Good luck with your first 2ww.

It can work first time, it did for me last time.

Jayne


----------



## nostalgicsam (Jul 1, 2005)

Hi Jaq, ooh have everything crossed for you and your lovely surrogate, do hope and pray that it works first time for u all, sending you positive vibes and thinking of u all, Love
Sam 
xxxxxxxx


----------



## Bria (Nov 3, 2005)

Good luck hun   I hope you are lucky and it works first time!


----------



## Jaq (Sep 23, 2003)

Hi everyone 
Thanks for all your kind messages. I have been away to see family for a few days, so that has made the last week go really quickly. We should know by this time time next week, yikes!!
Will be keeping fingers crossed and thinking    
Love Jaq


----------



## sunrise (Aug 24, 2005)

Hi Jaq,
Goodluck with your 2WW,I hope you have a good result. When do you find out?
Lorraine


----------



## Jaq (Sep 23, 2003)

Thanks guys for all your sticky thoughts, they have worked  
WE'RE PREGNANT!!!!!!       We're over the moon  and can't quite believe it yet. 
Our wonderful surro is such a star.

Love Jaq


----------



## Fidget (Jan 27, 2005)

Ohhhhhhhhhhhhh JAQ that is amazing news!!!!!!!!!!

            

How amazing hunni so pleased for you  

Love and hugs

Debs
xxxxxxxxxxxxxxxxxxxxxx


----------



## Ange K (Apr 22, 2004)

Jaq

Congratulations luvvy!!!                                          

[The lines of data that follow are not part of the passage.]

(* Let $M$ be a manifold. Then $\mathsf{L}(M,\mathbb{R})$ holds.
   Context: All spaces are Hausdorff and maps continuous. A manifold is a connected Hausdorff space locally homeomorphic to $\mathbb{R}^n$. For a non-Lindelöf space $X$ and a space $Y$, $\mathsf{L}(X,Y)$ means: for every continuous $f:X\to Y$ there is a Lindelöf $Z\subset X$ with $f(Z)=f(X)$. (For Lindelöf $X$ the property is regarded as trivially true.) *)

theory Defs
  imports "HOL-Analysis.Analysis"
begin

definition manifold :: "'a topology \<Rightarrow> nat \<Rightarrow> bool" where
  "manifold M n \<longleftrightarrow> connected_space M \<and> Hausdorff_space M \<and>
     (\<forall>x \<in> topspace M. \<exists>U. openin M U \<and> x \<in> U \<and>
         subtopology M U homeomorphic_space Euclidean_space n)"

definition property_L :: "'a topology \<Rightarrow> 'b topology \<Rightarrow> bool" where
  "property_L X Y \<longleftrightarrow> Lindelof_space X \<or>
     (\<forall>f. continuous_map X Y f \<longrightarrow>
        (\<exists>Z. Z \<subseteq> topspace X \<and> Lindelof_space (subtopology X Z) \<and> f ` Z = f ` topspace X))"

end

theory Submission
  imports Defs
begin

text \<open>A manifold is connected and locally path connected, hence path connected. Given
  f : M \<rightarrow> \<real>, the image f(M) is an interval, and countably many of its points bracket all
  of it. Join preimages of each pair of these points by a path: the union Z of the
  countably many (compact) path images is Lindelof, and by the intermediate value theorem
  f(Z) already contains every value between two bracketing points, i.e. all of f(M).\<close>

lemma locally_path_connected_space_open_cover:
  assumes "\<And>x. x \<in> topspace X \<Longrightarrow>
             \<exists>U. openin X U \<and> x \<in> U \<and> locally_path_connected_space (subtopology X U)"
  shows "locally_path_connected_space X"
  unfolding locally_path_connected_space
proof clarify
  fix V x
  assume V: "openin X V" "x \<in> V"
  then have "x \<in> topspace X"
    using openin_subset by blast
  then obtain U where U: "openin X U" "x \<in> U" "locally_path_connected_space (subtopology X U)"
    using assms by blast
  have "openin (subtopology X U) (U \<inter> V)"
    using U(1) V(1) by (simp add: openin_open_subtopology openin_Int)
  then obtain W where W: "openin (subtopology X U) W" "path_connectedin (subtopology X U) W"
      "x \<in> W" "W \<subseteq> U \<inter> V"
    using U(2,3) V(2) unfolding locally_path_connected_space by blast
  then show "\<exists>W. openin X W \<and> path_connectedin X W \<and> x \<in> W \<and> W \<subseteq> V"
    using U(1) by (auto simp: openin_open_subtopology path_connectedin_subtopology)
qed

lemma connected_locally_path_connected_imp_path_connected_space:
  assumes "connected_space X" "locally_path_connected_space X"
  shows "path_connected_space X"
  unfolding path_connected_space_iff_path_component
proof clarify
  fix x y
  assume x: "x \<in> topspace X" and y: "y \<in> topspace X"
  have "openin X (Collect (path_component_of X x))" "closedin X (Collect (path_component_of X x))"
    using assms(2) by (simp_all add: openin_path_component_of_locally_path_connected_space
        closedin_path_component_of_locally_path_connected_space)
  moreover have "Collect (path_component_of X x) \<noteq> {}"
    using x path_component_of_refl by fastforce
  ultimately have "Collect (path_component_of X x) = topspace X"
    using assms(1) unfolding connected_space_clopen_in by blast
  then show "path_component_of X x y"
    using y by blast
qed

lemma manifold_imp_locally_path_connected_space:
  assumes "manifold M n"
  shows "locally_path_connected_space M"
proof (rule locally_path_connected_space_open_cover)
  fix x
  assume "x \<in> topspace M"
  then obtain U where "openin M U" "x \<in> U" "subtopology M U homeomorphic_space Euclidean_space n"
    using assms unfolding manifold_def by blast
  then show "\<exists>U. openin M U \<and> x \<in> U \<and> locally_path_connected_space (subtopology M U)"
    using homeomorphic_locally_path_connected_space locally_path_connected_Euclidean_space by blast
qed

lemma manifold_imp_path_connected_space:
  assumes "manifold M n"
  shows "path_connected_space M"
  using assms connected_locally_path_connected_imp_path_connected_space
    manifold_imp_locally_path_connected_space unfolding manifold_def by blast

lemma real_countable_cofinal_subset:
  fixes T :: "real set"
  obtains S where "countable S" "S \<subseteq> T" "\<And>y. y \<in> T \<Longrightarrow> \<exists>s\<in>S. y \<le> s"
proof -
  define Q where "Q = {q \<in> \<rat>. \<exists>t\<in>T. q < t}"
  have "\<forall>q\<in>Q. \<exists>t. t \<in> T \<and> q < t"
    unfolding Q_def by blast
  then obtain g where g: "\<forall>q\<in>Q. g q \<in> T \<and> q < g q"
    by metis
  define S where "S = g ` Q \<union> {y \<in> T. \<forall>z\<in>T. z \<le> y}"
  have "countable Q"
    unfolding Q_def by (rule countable_subset[OF _ countable_rat]) blast
  moreover have "countable {y \<in> T. \<forall>z\<in>T. z \<le> y}"
    by (rule countable_subset[of _ "{Sup T}"]) (auto intro: cSup_eq_maximum[symmetric])
  ultimately have "countable S"
    unfolding S_def by blast
  moreover have "S \<subseteq> T"
    unfolding S_def using g by blast
  moreover have "\<exists>s\<in>S. y \<le> s" if y: "y \<in> T" for y
  proof (cases "\<forall>z\<in>T. z \<le> y")
    case True
    then show ?thesis
      using y unfolding S_def by blast
  next
    case False
    then obtain t where "t \<in> T" "y < t"
      by force
    moreover obtain q where "q \<in> \<rat>" "y < q" "q < t"
      using Rats_dense_in_real[OF \<open>y < t\<close>] by blast
    ultimately have "q \<in> Q"
      unfolding Q_def by blast
    then have "g q \<in> S" "y \<le> g q"
      using g \<open>y < q\<close> unfolding S_def by force+
    then show ?thesis
      by blast
  qed
  ultimately show thesis
    using that by blast
qed

lemma real_countable_bracketing_subset:
  fixes T :: "real set"
  obtains S where "countable S" "S \<subseteq> T" "\<And>y. y \<in> T \<Longrightarrow> \<exists>a\<in>S. \<exists>b\<in>S. a \<le> y \<and> y \<le> b"
proof -
  obtain U where U: "countable U" "U \<subseteq> T" "\<And>y. y \<in> T \<Longrightarrow> \<exists>b\<in>U. y \<le> b"
    using real_countable_cofinal_subset by blast
  obtain L where L: "countable L" "L \<subseteq> uminus ` T" "\<And>y. y \<in> uminus ` T \<Longrightarrow> \<exists>s\<in>L. y \<le> s"
    using real_countable_cofinal_subset by blast
  have "\<exists>a\<in>uminus ` L. a \<le> y" if "y \<in> T" for y
  proof -
    have "- y \<in> uminus ` T"
      using that by simp
    then obtain s where "s \<in> L" "- y \<le> s"
      using L(3) by blast
    then show ?thesis
      by (metis imageI minus_le_iff)
  qed
  moreover have "uminus ` L \<subseteq> T"
    using L(2) by force
  ultimately show thesis
    using that[of "U \<union> uminus ` L"] U L(1) by blast
qed

lemma Lindelof_space_countable_Union_compactin:
  assumes "countable \<K>" "\<And>K. K \<in> \<K> \<Longrightarrow> compactin X K"
  shows "Lindelof_space (subtopology X (\<Union>\<K>))"
  using assms Lindelof_space_Union compact_imp_Lindelof_space compact_space_subtopology by metis

lemma path_image_covers_value_interval:
  assumes "pathin X g" "continuous_map X euclideanreal f"
  shows "{f (g 0)..f (g 1)} \<subseteq> f ` g ` {0..1}"
proof -
  have "connected (f ` g ` {0..1})"
    using connectedin_continuous_map_image[OF assms(2) connectedin_path_image[OF assms(1)]]
    by simp
  moreover have "f (g 0) \<in> f ` g ` {0..1}" "f (g 1) \<in> f ` g ` {0..1}"
    by auto
  ultimately show ?thesis
    using connected_contains_Icc by blast
qed

lemma path_connected_space_path_between_values:
  assumes "path_connected_space X" "a \<in> f ` topspace X" "b \<in> f ` topspace X"
  obtains g where "pathin X g" "f (g 0) = a" "f (g 1) = b"
proof -
  obtain x where x: "x \<in> topspace X" "a = f x"
    using assms(2) by (rule imageE) simp
  obtain y where y: "y \<in> topspace X" "b = f y"
    using assms(3) by (rule imageE) simp
  obtain g where "pathin X g" "g 0 = x" "g 1 = y"
    using assms(1) x(1) y(1) unfolding path_connected_space_def by blast
  then show thesis
    using that x(2) y(2) by simp
qed

lemma path_connected_imp_property_L_real:
  assumes "path_connected_space X"
  shows "property_L X euclideanreal"
  unfolding property_L_def
proof (intro disjI2 allI impI)
  fix f
  assume f: "continuous_map X euclideanreal f"
  obtain S where S: "countable S" "S \<subseteq> f ` topspace X"
      "\<And>y. y \<in> f ` topspace X \<Longrightarrow> \<exists>a\<in>S. \<exists>b\<in>S. a \<le> y \<and> y \<le> b"
    using real_countable_bracketing_subset[of "f ` topspace X"] by blast
  have "\<forall>p\<in>S \<times> S. \<exists>g. pathin X g \<and> f (g 0) = fst p \<and> f (g 1) = snd p"
  proof
    fix p
    assume "p \<in> S \<times> S"
    then have "fst p \<in> f ` topspace X" "snd p \<in> f ` topspace X"
      using S(2) by auto
    then show "\<exists>g. pathin X g \<and> f (g 0) = fst p \<and> f (g 1) = snd p"
      by (meson path_connected_space_path_between_values[OF assms])
  qed
  then obtain \<gamma> where \<gamma>: "\<And>p. p \<in> S \<times> S \<Longrightarrow> pathin X (\<gamma> p) \<and> f (\<gamma> p 0) = fst p \<and> f (\<gamma> p 1) = snd p"
    by (metis bchoice)
  define Z where "Z = (\<Union>p\<in>S \<times> S. \<gamma> p ` {0..1})"
  have compact: "compactin X (\<gamma> p ` {0..1})" if "p \<in> S \<times> S" for p
    using \<gamma>[OF that] compactin_path_image by blast
  have "Z \<subseteq> topspace X"
    unfolding Z_def using compact compactin_subset_topspace by blast
  moreover have "Lindelof_space (subtopology X Z)"
    unfolding Z_def using S(1) compact by (intro Lindelof_space_countable_Union_compactin) auto
  moreover have "f ` topspace X \<subseteq> f ` Z"
  proof
    fix y
    assume "y \<in> f ` topspace X"
    then obtain a b where ab: "a \<in> S" "b \<in> S" "a \<le> y" "y \<le> b"
      using S(3) by blast
    then have "pathin X (\<gamma> (a, b))" "y \<in> {f (\<gamma> (a, b) 0)..f (\<gamma> (a, b) 1)}"
      using \<gamma>[of "(a, b)"] by auto
    then have "y \<in> f ` \<gamma> (a, b) ` {0..1}"
      using path_image_covers_value_interval[OF _ f] by blast
    then show "y \<in> f ` Z"
      unfolding Z_def using ab(1,2) by blast
  qed
  ultimately show "\<exists>Z. Z \<subseteq> topspace X \<and> Lindelof_space (subtopology X Z) \<and> f ` Z = f ` topspace X"
    by blast
qed

theorem theorem5p1:
  fixes M :: "'a topology" and n :: nat
  assumes "manifold M n"
  shows "property_L M euclideanreal"
  using path_connected_imp_property_L_real[OF manifold_imp_path_connected_space[OF assms]] .

end
text \<open>The dual statement follows by reflecting the family in the origin.\<close>
lemma chain_Inf_limit:
  fixes C L :: "('a \<Rightarrow> real) set" and P :: "('a \<Rightarrow> real) \<Rightarrow> real"
  assumes total: "\<And>\<gamma> \<eta>. \<gamma> \<in> C \<Longrightarrow> \<eta> \<in> C \<Longrightarrow> \<gamma> \<le> \<eta> \<or> \<eta> \<le> \<gamma>"
    and strict: "\<And>\<gamma> \<eta>. \<gamma> \<in> C \<Longrightarrow> \<eta> \<in> C \<Longrightarrow> \<gamma> < \<eta> \<Longrightarrow> P \<gamma> < P \<eta>"
    and closed: "\<And>\<rho> \<eta>. (\<And>n. \<rho> n \<in> C) \<Longrightarrow> (\<And>x. (\<lambda>n. \<rho> n x) \<longlonglongrightarrow> \<eta> x) \<Longrightarrow>
      \<eta> \<in> C \<and> (\<lambda>n. P (\<rho> n)) \<longlonglongrightarrow> P \<eta>"
    and L: "L \<subseteq> C" "L \<noteq> {}" "bdd_below (P ` L)" and bdd: "\<And>x. bdd_below ((\<lambda>\<gamma>. \<gamma> x) ` L)"
  obtains \<eta> \<rho> where "\<eta> \<in> C" "\<And>\<gamma>. \<gamma> \<in> L \<Longrightarrow> \<eta> \<le> \<gamma>" "\<And>n. \<rho> n \<in> L" "\<And>x. (\<lambda>n. \<rho> n x) \<longlonglongrightarrow> \<eta> x"
proof -
  have neg_le: "- \<gamma> \<le> - \<eta> \<longleftrightarrow> \<eta> \<le> \<gamma>" for \<gamma> \<eta> :: "'a \<Rightarrow> real"
    by (simp add: le_fun_def)
  have neg_less: "- \<gamma> < - \<eta> \<longleftrightarrow> \<eta> < \<gamma>" for \<gamma> \<eta> :: "'a \<Rightarrow> real"
    by (simp add: less_le_not_le neg_le)
  have neg_neg: "- (- \<gamma>) = \<gamma>" for \<gamma> :: "'a \<Rightarrow> real"
    by (simp add: fun_eq_iff)
  obtain \<eta> \<rho> where \<eta>: "\<eta> \<in> uminus ` C" "\<And>\<gamma>. \<gamma> \<in> uminus ` L \<Longrightarrow> \<gamma> \<le> \<eta>"
    and \<rho>: "\<And>n. \<rho> n \<in> uminus ` L" and lim: "\<And>x. (\<lambda>n. \<rho> n x) \<longlonglongrightarrow> \<eta> x"
  proof (rule chain_Sup_limit[of "uminus ` C" "\<lambda>\<gamma>. - P (- \<gamma>)" "uminus ` L"])
    show "\<gamma> \<le> \<eta> \<or> \<eta> \<le> \<gamma>" if "\<gamma> \<in> uminus ` C" "\<eta> \<in> uminus ` C" for \<gamma> \<eta>
      using that total by (metis imageE neg_le)
    show "- P (- \<gamma>) < - P (- \<eta>)" if "\<gamma> \<in> uminus ` C" "\<eta> \<in> uminus ` C" "\<gamma> < \<eta>" for \<gamma> \<eta>
      using that strict by (auto simp: neg_less neg_neg)
    show "\<eta> \<in> uminus ` C \<and> (\<lambda>n. - P (- \<rho> n)) \<longlonglongrightarrow> - P (- \<eta>)"
      if "\<And>n. \<rho> n \<in> uminus ` C" "\<And>x. (\<lambda>n. \<rho> n x) \<longlonglongrightarrow> \<eta> x" for \<rho> \<eta>
    proof -
      have "- \<rho> n \<in> C" for n using that(1)[of n] by (auto simp: neg_neg)
      moreover have "(\<lambda>n. (- \<rho> n) x) \<longlonglongrightarrow> (- \<eta>) x" for x by (simp add: tendsto_minus that(2))
      ultimately have "- \<eta> \<in> C \<and> (\<lambda>n. P (- \<rho> n)) \<longlonglongrightarrow> P (- \<eta>)" by (rule closed)
      moreover have "\<eta> = - (- \<eta>)" by (simp add: neg_neg)
      ultimately show ?thesis by (auto intro: tendsto_minus)
    qed
    show "uminus ` L \<subseteq> uminus ` C" "uminus ` L \<noteq> {}" using L by auto
    show "bdd_above ((\<lambda>\<gamma>. - P (- \<gamma>)) ` uminus ` L)"
      using L(3) by (simp add: image_image neg_neg bdd_above_uminus[symmetric] image_comp[symmetric] o_def)
    show "bdd_above ((\<lambda>\<gamma>. \<gamma> x) ` uminus ` L)" for x
      using bdd[of x] by (simp add: image_image bdd_above_uminus[symmetric] image_comp[symmetric] o_def)
  qed blast
  show ?thesis
  proof (rule that[of "- \<eta>" "\<lambda>n. - \<rho> n"])
    show "- \<eta> \<in> C" using \<eta>(1) by (auto simp: neg_neg)
    show "- \<eta> \<le> \<gamma>" if "\<gamma> \<in> L" for \<gamma>
    proof -
      have "- \<gamma> \<le> \<eta>" using \<eta>(2) that by blast
      then show ?thesis using neg_le[of \<eta> "- \<gamma>"] by (simp add: neg_neg)
    qed
    show "- \<rho> n \<in> L" for n using \<rho>[of n] by (auto simp: neg_neg)
    show "(\<lambda>n. (- \<rho> n) x) \<longlonglongrightarrow> (- \<eta>) x" for x by (simp add: tendsto_minus lim)
  qed
qed

section \<open>Admissible characteristics\<close>

locale characteristics =
  fixes f :: "real \<Rightarrow> real" and u :: "real \<Rightarrow> real \<Rightarrow> real" and G M T :: real
  assumes deriv_f_continuous: "continuous_on UNIV (deriv f)"
    and u_continuous: "continuous_on ({0..} \<times> UNIV) (\<lambda>(t, x). u t x)"
    and speed_bounded: "\<And>t x. t \<ge> 0 \<Longrightarrow> \<bar>deriv f (u t x)\<bar> \<le> M"
    and T_pos: "T > 0" and u_vanishes: "\<And>t x. t \<ge> T \<Longrightarrow> u t x = 0"
begin

abbreviation speed :: "real \<Rightarrow> real \<Rightarrow> real" where
  "speed t x \<equiv> deriv f (u t x)"

definition classical_char :: "(real \<Rightarrow> real) \<Rightarrow> bool" where
  "classical_char \<gamma> \<longleftrightarrow> continuous_on {0..} \<gamma> \<and> (\<forall>t>0. (\<gamma> has_real_derivative speed t (\<gamma> t)) (at t))"

text \<open>Admissible curves are frozen for negative times, so that the pointwise order of functions
  only sees their behaviour on \<open>[0, \<infinity>)\<close>.\<close>
definition admissible :: "(real \<Rightarrow> real) \<Rightarrow> bool" where
  "admissible \<gamma> \<longleftrightarrow> classical_char \<gamma> \<and> lipschitz_on G {0..} (\<lambda>t. u t (\<gamma> t)) \<and> (\<forall>t<0. \<gamma> t = \<gamma> 0)"

lemma M_nonneg: "M \<ge> 0"
  using speed_bounded[of 0 0] by auto

lemma continuous_on_u_along:
  assumes "continuous_on S \<gamma>" "S \<subseteq> {0..}"
  shows "continuous_on S (\<lambda>t. u t (\<gamma> t))"
  using continuous_on_compose2[OF u_continuous continuous_on_Pair[OF continuous_on_id assms(1)]] assms(2)
  by auto

lemma continuous_on_speed_along:
  assumes "continuous_on S \<gamma>" "S \<subseteq> {0..}"
  shows "continuous_on S (\<lambda>t. speed t (\<gamma> t))"
  using continuous_on_compose2[OF deriv_f_continuous continuous_on_u_along[OF assms]] by simp

lemma tendsto_u_at:
  assumes "t \<ge> 0" "X \<longlonglongrightarrow> x"
  shows "(\<lambda>n. u t (X n)) \<longlonglongrightarrow> u t x"
proof -
  have "(\<lambda>n. (t, X n)) \<longlonglongrightarrow> (t, x)" using assms(2) by (intro tendsto_intros)
  from continuous_on_tendsto_compose[OF u_continuous this] assms(1) show ?thesis by simp
qed

lemma tendsto_speed_at:
  assumes "t \<ge> 0" "X \<longlonglongrightarrow> x"
  shows "(\<lambda>n. speed t (X n)) \<longlonglongrightarrow> speed t x"
proof -
  have "isCont (deriv f) (u t x)"
    using deriv_f_continuous by (simp add: continuous_on_eq_continuous_at)
  then show ?thesis by (rule isCont_tendsto_compose[OF _ tendsto_u_at[OF assms]])
qed

lemma lipschitz_integral_speed:
  assumes "continuous_on {0..} \<gamma>"
  shows "lipschitz_on M {0..} (\<lambda>t. integral {0..t} (\<lambda>s. speed s (\<gamma> s)))"
proof -
  let ?F = "\<lambda>t. integral {0..t} (\<lambda>s. speed s (\<gamma> s))"
  have le: "\<bar>?F y - ?F x\<bar> \<le> M * (y - x)" if "0 \<le> x" "x \<le> y" for x y
  proof -
    have cy: "continuous_on {0..y} (\<lambda>s. speed s (\<gamma> s))"
      using assms by (intro continuous_on_speed_along) (auto intro: continuous_on_subset)
    have "?F x + integral {x..y} (\<lambda>s. speed s (\<gamma> s)) = ?F y"
      using that cy by (intro Henstock_Kurzweil_Integration.integral_combine integrable_continuous_interval)
    moreover have "norm (integral {x..y} (\<lambda>s. speed s (\<gamma> s))) \<le> M * (y - x)"
      using that cy speed_bounded
      by (intro integral_bound) (auto intro: continuous_on_subset)
    ultimately show ?thesis by (simp add: algebra_simps)
  qed
  show ?thesis
  proof (rule lipschitz_onI)
    fix x y :: real assume "x \<in> {0..}" "y \<in> {0..}"
    then show "dist (?F x) (?F y) \<le> M * dist x y"
      using le[of x y] le[of y x] by (cases "x \<le> y") (auto simp: dist_real_def abs_minus_commute)
  qed (rule M_nonneg)
qed

lemma has_real_derivative_integral_speed:
  assumes "continuous_on {0..} \<gamma>" "t > 0"
  shows "((\<lambda>t. integral {0..t} (\<lambda>s. speed s (\<gamma> s))) has_real_derivative speed t (\<gamma> t)) (at t)"
proof -
  have "continuous_on {0..t+1} (\<lambda>s. speed s (\<gamma> s))"
    using assms by (intro continuous_on_speed_along) (auto intro: continuous_on_subset)
  from integral_has_real_derivative[OF this, of t] assms(2)
  have "((\<lambda>t. integral {0..t} (\<lambda>s. speed s (\<gamma> s))) has_real_derivative speed t (\<gamma> t))
      (at t within {0..t+1})" by simp
  moreover have "at t within {0..t+1} = at t"
    by (rule at_within_interior) (use assms(2) in auto)
  ultimately show ?thesis by simp
qed

lemma classical_char_iff_integral:
  "classical_char \<gamma> \<longleftrightarrow>
     continuous_on {0..} \<gamma> \<and> (\<forall>t\<ge>0. \<gamma> t = \<gamma> 0 + integral {0..t} (\<lambda>s. speed s (\<gamma> s)))"
proof (intro iffI conjI allI impI)
  assume "classical_char \<gamma>"
  then show c: "continuous_on {0..} \<gamma>" by (simp add: classical_char_def)
  have d: "\<And>t. t > 0 \<Longrightarrow> (\<gamma> has_real_derivative speed t (\<gamma> t)) (at t)"
    using \<open>classical_char \<gamma>\<close> by (simp add: classical_char_def)
  fix t :: real assume "t \<ge> 0"
  have "((\<lambda>s. speed s (\<gamma> s)) has_integral \<gamma> t - \<gamma> 0) {0..t}"
    using \<open>t \<ge> 0\<close> c d
    by (intro fundamental_theorem_of_calculus_interior)
       (auto intro: continuous_on_subset simp: has_real_derivative_iff_has_vector_derivative[symmetric])
  then show "\<gamma> t = \<gamma> 0 + integral {0..t} (\<lambda>s. speed s (\<gamma> s))"
    by (simp add: integral_unique)
next
  assume H: "continuous_on {0..} \<gamma> \<and> (\<forall>t\<ge>0. \<gamma> t = \<gamma> 0 + integral {0..t} (\<lambda>s. speed s (\<gamma> s)))"
  then have c: "continuous_on {0..} \<gamma>"
    and eq: "\<And>t. t \<ge> 0 \<Longrightarrow> \<gamma> t = \<gamma> 0 + integral {0..t} (\<lambda>s. speed s (\<gamma> s))" by blast+
  have "(\<gamma> has_real_derivative speed t (\<gamma> t)) (at t)" if "t > 0" for t
  proof -
    have "\<forall>\<^sub>F s in nhds t. s \<in> {0<..}" using that by (intro eventually_nhds_in_open) auto
    then have ev: "\<forall>\<^sub>F s in nhds t. \<gamma> s = \<gamma> 0 + integral {0..s} (\<lambda>s. speed s (\<gamma> s))"
      by eventually_elim (rule eq, simp)
    have "((\<lambda>s. \<gamma> 0 + integral {0..s} (\<lambda>s. speed s (\<gamma> s))) has_real_derivative speed t (\<gamma> t)) (at t)"
      using has_real_derivative_integral_speed[OF c that] by (auto intro!: derivative_eq_intros)
    then show ?thesis using DERIV_cong_ev[OF refl ev refl] by simp
  qed
  with c show "classical_char \<gamma>" by (simp add: classical_char_def)
qed

lemma classical_char_lipschitz:
  assumes "classical_char \<gamma>"
  shows "lipschitz_on M {0..} \<gamma>"
proof -
  let ?F = "\<lambda>t. integral {0..t} (\<lambda>s. speed s (\<gamma> s))"
  have c: "continuous_on {0..} \<gamma>" and eq: "\<And>t. t \<ge> 0 \<Longrightarrow> \<gamma> t = \<gamma> 0 + ?F t"
    using assms unfolding classical_char_iff_integral by blast+
  show ?thesis
  proof (rule lipschitz_onI)
    fix x y :: real assume "x \<in> {0..}" "y \<in> {0..}"
    then have "\<gamma> x - \<gamma> y = ?F x - ?F y" using eq[of x] eq[of y] by simp
    then show "dist (\<gamma> x) (\<gamma> y) \<le> M * dist x y"
      using lipschitz_onD[OF lipschitz_integral_speed[OF c] \<open>x \<in> {0..}\<close> \<open>y \<in> {0..}\<close>]
      by (simp add: dist_real_def)
  qed (rule M_nonneg)
qed

lemma abs_cont_on_imp_continuous_on:
  assumes "abs_cont_on \<gamma> {0..}"
  shows "continuous_on {0..} \<gamma>"
  unfolding continuous_on_def
proof
  fix x :: real assume "x \<in> {0..}"
  then have "continuous_on {0..x+1} \<gamma>"
    using assms by (intro abs_cont_on_interval_imp_continuous_on) (auto simp: abs_cont_on_def)
  then have "(\<gamma> \<longlongrightarrow> \<gamma> x) (at x within {0..x+1})"
    using \<open>x \<in> {0..}\<close> by (auto simp: continuous_on_def)
  moreover have "at x within {0..} = at x within {0..x+1}"
    by (rule at_within_nhd[of _ "{..<x+1}"]) auto
  ultimately show "(\<gamma> \<longlongrightarrow> \<gamma> x) (at x within {0..})" by simp
qed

How fantastic - you must be over the moon - I'm sooo happy for you!!  Will I see you in Bangor when I visit Caron on 12th May weekend?

Ange xx


----------



## nostalgicsam (Jul 1, 2005)

Jaq,
WOW, FAB, CONGRATULATIONS! so pleased for u forst time eh !!! am so happy it worked first time for u, bet u can't hardly beleive it !!! BFP HURRAH !!!
Love
Sam
xx

PS when is lil one due ?
and get the bubbly out !!


----------



## Bria (Nov 3, 2005)

Congrats again   There is certainly a lot of babydust going round COTS at the moment!


----------



## HJW (Mar 19, 2006)

Congratulations that's fantastic new Jaq.

Hayley


----------



## **Tashja** (Jan 13, 2005)

Hells Bells Jaq !!!!!

That is the best news I have heard for a while !!!! WOOOOHOOOOOO !!!!!

 

T xx


----------



## Daisydoo (Feb 26, 2006)

Jaq
  
We re sooooooo excited for you ....  its such fantastic news         
I know you will all be celebrating - enjoy the next 9 months !!!
We will both be able to share our journeys !!!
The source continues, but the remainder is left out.